In very rare circumstances, the current Governor General asks someone to attempt to form a government that has the confidence of the House. This may happen when there has been a sudden death or resignation of a prime minister or when an election result has been inconclusive.
If we stay with the parliamentary system, how will the new head of state be chosen? Perhaps in the longstanding pattern of Canadian politics, the process will be dominated by elites, working amongst themselves.
However, others will want a populist option – and have the decision made by vote. Should the method of appointment be subject to an authorizing referendum? Is a simple majority sufficient or do we need some formula, involving percentages of the vote, number of provinces (say, seven), or even, say, Ontario, Quebec and some number, but not all, of the Atlantic provinces and of the four western provinces? What about the territories, with miniscule populations but an enormous swath of Canada’s land? Indigenous peoples will point to Section 35.1(b) of the Constitution Act (1982) to establish their necessary inclusion.
Over the long arc of previous constitutional discussions, a clear pattern is discernible. Matters on the table become more diverse, more complicated, more symbolically existential, with a widening set of actors, making it harder and harder to produce a coherent agreement. Why would Canada, in its moment of post-colonial liberation, reach agreement?
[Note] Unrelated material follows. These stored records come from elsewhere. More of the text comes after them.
text \<open>The region is long enough behind x' that the quadratic front penalty keeps the minimizer
  away from the back face.\<close>
lemma minimizer_off_back: "- back_len < along minimizer"
proof (rule ccontr)
  let ?z = minimizer
  assume "\<not> - back_len < along ?z"
  hence on_back: "along ?z = - back_len" using minimizer(1) by (simp add: region_def)
  define y where "y = ?z + back_len *\<^sub>R dir"
  have y_coords: "along y = 0" "across y = across ?z"
    using coords_shift[of ?z back_len] on_back by (simp_all add: y_def)
  have y_in: "y \<in> region"
    using minimizer(1) y_coords weights_pos rho_pos by (simp add: region_def)
  have "\<bar>g y - g ?z\<bar> \<le> L * back_len"
    using lipschitz_region[OF y_in minimizer(1)] weights_pos dir_unit by (simp add: y_def)
  moreover have "front_weight * (back_len * back_len) = 2 * (L * back_len) + 2 * (\<epsilon> * back_len)"
    using rho_pos eps_pos by (simp add: front_weight_def back_len_def field_simps)
  moreover have "penalised y - penalised ?z
      = g y - g ?z - (slope - \<epsilon>) * back_len - front_weight * (back_len * back_len) - 2 * (front_weight * (rho * back_len))"
    by (simp add: penalised_def on_back y_coords power2_eq_square algebra_simps)
  moreover have "front_weight * (rho * back_len) > 0" using weights_pos rho_pos by simp
  moreover have "(\<epsilon> - slope) * back_len \<le> (L + \<epsilon>) * back_len"
    using slope_bound weights_pos by (intro mult_right_mono) auto
  moreover have "\<epsilon> * back_len > 0" using eps_pos weights_pos by simp
  ultimately have "penalised y < penalised ?z" by (simp add: algebra_simps)
  with minimizer(2)[OF y_in] show False by simp
qed

lemma ball_in_region: "\<exists>\<delta>>0. ball minimizer \<delta> \<subseteq> region"
proof -
  let ?z = minimizer
  define \<delta> where "\<delta> = min (min (along ?z + back_len) (rho - along ?z)) (width - norm (across ?z))"
  have "ball ?z \<delta> \<subseteq> region"
  proof
    fix y assume "y \<in> ball ?z \<delta>"
    hence near: "norm (y - ?z) < \<delta>" by (simp add: dist_norm norm_minus_commute)
    have "\<bar>along y - along ?z\<bar> \<le> norm (y - ?z)"
      using Cauchy_Schwarz_ineq2[of dir "y - ?z"] dir_unit by (simp add: along_diff)
    moreover have "norm (across y) \<le> norm (across ?z) + norm (across y - across ?z)"
      by (metis norm_triangle_sub add.commute)
    moreover have "norm (across y - across ?z) \<le> norm (y - ?z)"
      using norm_orth_comp_le[OF dir_unit] by (simp add: across_diff)
    ultimately show "y \<in> region" using near unfolding region_def \<delta>_def by auto
  qed
  moreover have "\<delta> > 0"
    using minimizer_off_side minimizer_off_front minimizer_off_back by (simp add: \<delta>_def)
  ultimately show ?thesis by blast
qed

text \<open>The negative gradient of the penalty terms at the minimizer.  Since the penalties are
  quadratic, minimality of penalised gives a quadratic minorant of g touching at the
  minimizer, i.e. subgrad is a proximal subgradient of g there.\<close>
definition "subgrad = (slope - \<epsilon> - 2 * front_weight * (along minimizer - rho)) *\<^sub>R dir
    - (2 * side_weight) *\<^sub>R across minimizer"

lemma proximal_inequality:
  assumes y_in: "y \<in> region"
  shows "g minimizer + subgrad \<bullet> (y - minimizer)
    - (front_weight + side_weight) * (norm (y - minimizer))\<^sup>2 \<le> g y"
proof -
  let ?z = minimizer and ?M = front_weight and ?N = side_weight
  define w where "w = y - ?z"
  define a where "a = dir \<bullet> w"
  define b where "b = orth_comp dir w"
  have along_y: "along y = along ?z + a" using along_diff[of y ?z] by (simp add: a_def w_def)
  have across_y: "across y = across ?z + b"
    unfolding b_def w_def across_diff[symmetric] by simp
  have "across ?z \<bullet> dir = 0"
    using inner_orth_comp[OF dir_unit] by (simp add: across_def inner_commute)
  hence across_b: "across ?z \<bullet> b = across ?z \<bullet> w"
    by (simp add: b_def orth_comp_def inner_diff_right)
  have norm_across_y: "(norm (across y))\<^sup>2 = (norm (across ?z))\<^sup>2 + 2 * (across ?z \<bullet> w) + (norm b)\<^sup>2"
    using across_b by (simp add: across_y power2_norm_eq_inner inner_add_left inner_add_right inner_commute)
  have subgrad_w: "subgrad \<bullet> w = (slope - \<epsilon> - 2 * ?M * (along ?z - rho)) * a - 2 * ?N * (across ?z \<bullet> w)"
    by (simp add: subgrad_def a_def inner_diff_left)
  have "penalised ?z \<le> penalised y" using minimizer(2)[OF y_in] .
  hence "0 \<le> g y - g ?z - (slope - \<epsilon>) * a + ?M * (2 * (along ?z - rho) * a + a\<^sup>2)
      + ?N * (2 * (across ?z \<bullet> w) + (norm b)\<^sup>2)"
    unfolding penalised_def along_y norm_across_y by (simp add: power2_eq_square algebra_simps)
  hence lower: "g ?z + subgrad \<bullet> w - (?M * a\<^sup>2 + ?N * (norm b)\<^sup>2) \<le> g y"
    by (simp add: subgrad_w algebra_simps)
  have "a\<^sup>2 \<le> (norm w)\<^sup>2"
    using Cauchy_Schwarz_ineq2[of dir w] dir_unit unfolding a_def
    by (metis abs_norm_cancel power2_abs abs_le_square_iff mult_1)
  moreover have "(norm b)\<^sup>2 \<le> (norm w)\<^sup>2"
    using norm_orth_comp_le[OF dir_unit, of w] by (simp add: b_def power_mono)
  ultimately have "?M * a\<^sup>2 + ?N * (norm b)\<^sup>2 \<le> (?M + ?N) * (norm w)\<^sup>2"
    using weights_pos by (simp add: distrib_right add_mono mult_left_mono)
  with lower show ?thesis by (simp add: w_def)
qed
Would the ghosts of the Meech Lake Accord and the Charlottetown Accord thread their way through our debates?
Are our bonds between our various diverse communities – east and west, north and south – resilient and strong enough not to fracture?
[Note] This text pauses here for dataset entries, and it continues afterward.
(* Suppose Assumption A holds with constant $d$, and that there is a constant $L^\circ\in[1,\infty)$ (depending on $\theta^\circ,\lambda,\eta$) such that $\sup_{0<\epsilon<1}\epsilon\,m^\circ_\epsilon\Lambda_{(m^\circ_\epsilon)}/\Phi^\circ_\epsilon\le L^\circ$. If moreover $m^\circ_\epsilon\to\infty$ as $\epsilon\to0$, then with $K^\circ:=10((1+d^{-1})\vee d^{-2}\|\theta^\circ-\eta\|^2)L^\circ$, $$\lim_{\epsilon\to0}\mathbb E_{\theta^\circ}P_{\vartheta^{m^\circ_\epsilon}|Y}\Big((K^\circ)^{-1}\Phi^\circ_\epsilon\le\|\vartheta^{m^\circ_\epsilon}-\theta^\circ\|^2\le K^\circ\Phi^\circ_\epsilon\Big)=1.$$
   Context: Let $\ell^2$ be the space of square-summable real sequences with norm $\|\cdot\|$. Fix a bounded real sequence $\lambda=(\lambda_j)_{j\ge1}$ with $\lambda_j\ne0$ for all $j$, a noise level $\epsilon\in(0,1)$ and a true parameter $\theta^\circ\in\ell^2$. The data $Y=(Y_j)_{j\ge1}$ satisfy $Y_j=\lambda_j\theta^\circ_j+\sqrt\epsilon\,\xi_j$ with $\xi_j$ i.i.d. $N(0,1)$; $\mathbb E_{\theta^\circ}$, $P_{\theta^\circ}$ denote expectation and probability under this law. Fix prior means $\eta=(\eta_j)_{j\ge1}$ with $\theta^\circ-\eta\in\ell^2$ and prior variances $\tau_j\in(0,\infty)$ (possibly depending on $\epsilon$). For $m\in\mathbb N$ the sieve prior $P_{\vartheta^m}$ is the law of $\vartheta^m=(\vartheta^m_j)_{j\ge1}$ with independent coordinates, $\vartheta^m_j\sim N(\eta_j,\tau_j)$ for $j\le m$ and $\vartheta^m_j=\eta_j$ a.s. for $j>m$, in the model $Y_j=\lambda_j\vartheta^m_j+\sqrt\epsilon\xi_j$ with $\vartheta^m$ independent of $(\xi_j)$. Put $\sigma_j:=(\lambda_j^2\epsilon^{-1}+\tau_j^{-1})^{-1}$ and $\theta^Y_j:=\sigma_j(\tau_j^{-1}\eta_j+\lambda_j\epsilon^{-1}Y_j)$. The posterior $P_{\vartheta^m|Y}$ makes the coordinates independent with $\vartheta^m_j\sim N(\theta^Y_j,\sigma_j)$ for $j\le m$ and $\vartheta^m_j=\eta_j$ for $j>m$; the Bayes estimator is $\hat\theta^m:=\mathbb E[\vartheta^m|Y]$. Define $b_m:=\sum_{j>m}(\theta^\circ_j-\eta_j)^2$. Let $\Lambda_j:=\lambda_j^{-2}$, $\Lambda_{(m)}:=\max_{1\le j\le m}\Lambda_j$, $\bar\Lambda_m:=m^{-1}\sum_{j=1}^m\Lambda_j$ and $\Phi^m_\epsilon:=b_m\vee\epsilon m\bar\Lambda_m$. Let $G_\epsilon:=\max\{1\le m\le\lfloor\epsilon^{-1}\rfloor:\epsilon\Lambda_{(m)}\le\Lambda_1\}$. Assumption A: there is a constant $d>0$ such that $\tau_j\ge d\,(\epsilon^{1/2}\Lambda_j^{1/2}\vee\epsilon\Lambda_j)$ for all $1\le j\le G_\epsilon$ and all $\epsilon\in(0,1)$. Oracle quantities: $m^\circ_\epsilon:=\min\{m\ge1:\Phi^m_\epsilon\le\Phi^k_\epsilon\text{ for all }k\ge1\}$ and $\Phi^\circ_\epsilon:=\Phi^{m^\circ_\epsilon}_\epsilon=\min_{m\ge1}\Phi^m_\epsilon$. *)

theory Defs
  imports "HOL-Probability.Probability"
begin

text \<open>Indexing convention: sequences are nat-indexed starting at 0; coordinate i
  corresponds to the paper's coordinate j = i + 1.\<close>

definition Lam :: "(nat \<Rightarrow> real) \<Rightarrow> nat \<Rightarrow> real" where
  "Lam lam i = 1 / (lam i)\<^sup>2"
There is another matter of compelling importance. The Supreme Court of Canada in Tsilhqot’in Nation v. British Columbia (2014) determined that there exists a “special relationship between the Crown and the Aboriginal group in question,” which gives Indigenous land “special status.”
It also reinforces the special relationship established in the Royal Proclamation of 1763 between the British Crown and the Indigenous peoples of Canada, which has sometimes been described as “The Indian Magna Carta” and the “Indian Bill of Rights.” Its signal importance for Indigenous rights is highlighted by its inclusion in Section 25 of the 1982 Charter of Rights and Freedoms.
Abolition of the monarchy by the British people will not happen precipitously. However, politics in the internet age can change quickly. The U.K. referendum on its membership in the European Union produced a surprising result, reflecting an unleashing of latent populistic forces.
For Canada, the monarchy is not a disposable ornament. It is embedded deeply in its constitutional architecture. If the U.K. abolishes of the monarchy, Canada’s ability to handle quickly any necessary changes will be hampered by its constitutional straitjacket.